Please copy out every line in the entries that includes the word "lambda".

Segment Start: Dataset records

lemma triangular_below: "triangular F s \<Longrightarrow> f \<noteq> 0 \<Longrightarrow> k < fls_subdegree f + s \<Longrightarrow> F f $$ k = 0"
  by (simp add: triangular_def)

lemma triangular_lead: "triangular F s \<Longrightarrow> f \<noteq> 0 \<Longrightarrow> F f $$ (fls_subdegree f + s) = f $$ fls_subdegree f"
  by (simp add: triangular_def)

lemma triangular_nonzero: "triangular F s \<Longrightarrow> f \<noteq> 0 \<Longrightarrow> F f \<noteq> 0"
  using triangular_lead[of F s f] by (metis fls_nonzeroI nth_fls_subdegree_nonzero)

lemma triangular_subdegree: "triangular F s \<Longrightarrow> f \<noteq> 0 \<Longrightarrow> fls_subdegree (F f) = fls_subdegree f + s"
  by (rule fls_subdegree_eqI) (auto simp: triangular_lead triangular_below)

lemma triangular_vanishes_below:
  assumes "triangular F s" "\<forall>k<c. f $$ k = 0" "k < c + s"
  shows "F f $$ k = 0"
proof (cases "f = 0")
  case True
  then show ?thesis using assms(1) by (simp add: triangular_zero)
next
  case False
  then have "c \<le> fls_subdegree f" using assms(2) by (meson fls_subdegree_geI)
  then show ?thesis using triangular_below[OF assms(1) False] assms(3) by simp
qed

lemma triangular_agree:
  "triangular F s \<Longrightarrow> \<forall>k<c. f $$ k = g $$ k \<Longrightarrow> k < c + s \<Longrightarrow> F f $$ k = F g $$ k"
  using triangular_vanishes_below[of F s c "f - g" k] by (simp add: triangular_diff)

lemma triangular_inj: "triangular F s \<Longrightarrow> F f = F g \<Longrightarrow> f = g"
  by (metis triangular_nonzero triangular_diff right_minus_eq)

lemma triangular_id: "triangular (\<lambda>f. f) 0"
  by (simp add: triangular_def)

lemma triangular_comp:
  assumes F: "triangular F s" and G: "triangular G t"
  shows "triangular (\<lambda>f. F (G f)) (s + t)"
  unfolding triangular_def
proof (intro conjI allI impI)
  fix f g
  show "F (G (f + g)) = F (G f) + F (G g)" using F G by (simp add: triangular_add)
next
  fix f :: "'a fls" assume f: "f \<noteq> 0"
  have Gf: "G f \<noteq> 0" "fls_subdegree (G f) = fls_subdegree f + t"
    using triangular_nonzero[OF G f] triangular_subdegree[OF G f] by auto
  show "F (G f) $$ k = 0" if "k < fls_subdegree f + (s + t)" for k
    using triangular_below[OF F Gf(1)] Gf(2) that by (simp add: ac_simps)
  show "F (G f) $$ (fls_subdegree f + (s + t)) = f $$ fls_subdegree f"
    using triangular_lead[OF F Gf(1)] Gf(2) triangular_lead[OF G f] by (simp add: ac_simps)
qed

lemma triangular_funpow: "triangular F s \<Longrightarrow> triangular (F ^^ k) (int k * s)"
proof (induction k)
  case 0
  then show ?case using triangular_id by (simp add: id_def)
next
  case (Suc k)
  then have "triangular (\<lambda>f. F ((F ^^ k) f)) (s + int k * s)" by (intro triangular_comp)
  then show ?case by (simp add: algebra_simps comp_def)
qed

lemma triangular_inverse:
  assumes F: "triangular F s" and FG: "\<And>y. F (G y) = y"
  shows "triangular G (- s)"
  unfolding triangular_def
proof (intro conjI allI impI)
  fix f g
  have "F (G (f + g)) = F (G f + G g)" using F FG by (simp add: triangular_add)
  then show "G (f + g) = G f + G g" using triangular_inj[OF F] by blast
next
  fix f :: "'a fls" assume f: "f \<noteq> 0"
  then have Gf: "G f \<noteq> 0" using F FG by (metis triangular_zero)
  have sd: "fls_subdegree f = fls_subdegree (G f) + s"
    using triangular_subdegree[OF F Gf] FG by simp
  show "G f $$ k = 0" if "k < fls_subdegree f + - s" for k using sd that by simp
  show "G f $$ (fls_subdegree f + - s) = f $$ fls_subdegree f"
    using triangular_lead[OF F Gf] FG sd by simp
qed

lemma triangular_monomial:
  assumes "triangular F s" "i \<le> m + s"
  shows "F (fls_shift (- m) (fls_const c)) $$ i = (if i = m + s then c else 0)"
proof (cases "c = 0")
  case True
  then show ?thesis using assms(1) by (simp add: triangular_zero)
next
  case False
  let ?x = "fls_shift (- m) (fls_const c)"
  have "?x \<noteq> 0" "fls_subdegree ?x = m" using False by (simp_all add: fls_shift_eq0_iff)
  then show ?thesis using triangular_below[OF assms(1)] triangular_lead[OF assms(1)] assms(2)
    by fastforce
qed

text \<open>Successive approximation of a preimage of \<open>y\<close>: step \<open>k\<close> corrects the
  residual \<open>y - F g\<close> at index \<open>N + k + s\<close> by a monomial of index \<open>N + k\<close>.\<close>

primrec triangular_approx ::
  "('a::comm_ring_1 fls \<Rightarrow> 'a fls) \<Rightarrow> 'a fls \<Rightarrow> int \<Rightarrow> int \<Rightarrow> nat \<Rightarrow> 'a fls" where
  "triangular_approx F y N s 0 = 0"
| "triangular_approx F y N s (Suc k) = triangular_approx F y N s k
     + fls_shift (- (N + int k)) (fls_const ((y - F (triangular_approx F y N s k)) $$ (N + int k + s)))"

lemma triangular_approx_residual:
  assumes F: "triangular F s" and y: "\<forall>i < N + s. y $$ i = 0"
  shows "\<forall>i < N + int k + s. (y - F (triangular_approx F y N s k)) $$ i = 0"
proof (induction k)
  case 0
  then show ?case using y by (simp add: triangular_zero[OF F])
next
  case (Suc k)
  let ?g = "triangular_approx F y N s k"
  define c where "c = (y - F ?g) $$ (N + int k + s)"
  have step: "y - F (triangular_approx F y N s (Suc k))
      = (y - F ?g) - F (fls_shift (- (N + int k)) (fls_const c))"
    by (simp add: triangular_add[OF F] c_def)
  show ?case
  proof (intro allI impI)
    fix i assume i: "i < N + int (Suc k) + s"
    have "F (fls_shift (- (N + int k)) (fls_const c)) $$ i = (if i = N + int k + s then c else 0)"
      using triangular_monomial[OF F, of i "N + int k" c] i by simp
    then show "(y - F (triangular_approx F y N s (Suc k))) $$ i = 0"
      unfolding step using Suc i c_def
      by (auto simp del: fls_minus_nth simp: fls_minus_nth[of "y - _"])
  qed
qed

lemma triangular_approx_stable:
  "i < N + int k \<Longrightarrow> triangular_approx F y N s (k + j) $$ i = triangular_approx F y N s k $$ i"
  by (induction j) auto

lemma triangular_approx_below: "i < N \<Longrightarrow> triangular_approx F y N s k $$ i = 0"
  by (induction k) auto

lemma triangular_surj:
  assumes F: "triangular F s"
  shows "\<exists>g. F g = y"
proof -
  define N where "N = fls_subdegree y - s"
  let ?g = "triangular_approx F y N s"
  define g where "g = Abs_fls (\<lambda>i. ?g (nat (i - N) + 1) $$ i)"
  have g_nth: "g $$ i = ?g (nat (i - N) + 1) $$ i" for i
    unfolding g_def by (rule nth_Abs_fls_lower_bound[where N = N]) (simp add: triangular_approx_below)
  have g_approx: "\<forall>i < N + int k. g $$ i = ?g k $$ i" for k
  proof (intro allI impI)
    fix i assume i: "i < N + int k"
    show "g $$ i = ?g k $$ i"
    proof (cases "i < N")
      case True
      then show ?thesis by (simp add: g_nth triangular_approx_below)
    next
      case False
      then have "nat (i - N) + 1 \<le> k" using i by linarith
      then obtain j where "k = nat (i - N) + 1 + j" using le_Suc_ex by blast
      then show ?thesis using triangular_approx_stable[of i N "nat (i - N) + 1" F y s j] False g_nth
        by simp
    qed
  qed
  have "F g $$ i = y $$ i" for i
  proof -
    define k where "k = nat (i - N - s) + 1"
    have ik: "i < N + int k + s" using k_def by simp
    have "F g $$ i = F (?g k) $$ i" using triangular_agree[OF F g_approx ik] .
    then show ?thesis
      using triangular_approx_residual[OF F, where y = y and N = N and k = k] ik by (simp add: N_def)
  qed
  then show ?thesis by (blast intro: fls_eqI)
qed

section \<open>The operator \<open>\<partial>\<^sub>x + h\<close> and its integer powers\<close>

locale kp_lax =
  fixes D :: "'a::comm_ring_1 \<Rightarrow> 'a" and h :: "'a fls"
  assumes derivation: "derivation D" and h_in_M: "inM h"
begin

lemma h_nth_minus_one: "h $$ (- 1) = 1"
  and h_nth_zero: "h $$ 0 = 0"
  and h_nth_below: "k < - 1 \<Longrightarrow> h $$ k = 0"
  using h_in_M unfolding inM_def zcoeff_def by (auto dest: spec[of _ "- k"])

lemma h_subdegree: "fls_subdegree h = - 1"
  by (rule fls_subdegree_eqI) (auto simp: h_nth_minus_one h_nth_below)

lemma dx_nth: "dx D g $$ n = D (g $$ n)"
proof -
  obtain N where "\<forall>n<N. g $$ n = 0" by (elim fls_nth_vanishes_belowE)
  then show ?thesis unfolding dx_def
    by (intro nth_Abs_fls_lower_bound[where N = N]) (simp add: derivation_zero[OF derivation])
qed

lemma dx_add: "dx D (f + g) = dx D f + dx D g"
  by (rule fls_eqI) (simp add: dx_nth derivation_add[OF derivation])

lemma dx_const_mult: "dx D (fls_const c * g) = fls_const (D c) * g + fls_const c * dx D g"
  by (rule fls_eqI) (simp add: dx_nth derivation_mult[OF derivation])

lemma dx_shift: "dx D (fls_shift m g) = fls_shift m (dx D g)"
  by (rule fls_eqI) (simp add: dx_nth)

abbreviation T :: "'a fls \<Rightarrow> 'a fls" where
  "T \<equiv> fdb_step D h"

lemma T_nth: "T f $$ n = D (f $$ n) + (h * f) $$ n"
  by (simp add: fdb_step_def dx_nth)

Segment End: Dataset records

= Solution for this task =
lemma triangular_id: "triangular (\<lambda>f. f) 0"
  shows "triangular (\<lambda>f. F (G f)) (s + t)"
  then have "triangular (\<lambda>f. F ((F ^^ k) f)) (s + int k * s)" by (intro triangular_comp)
  define g where "g = Abs_fls (\<lambda>i. ?g (nat (i - N) + 1) $$ i)"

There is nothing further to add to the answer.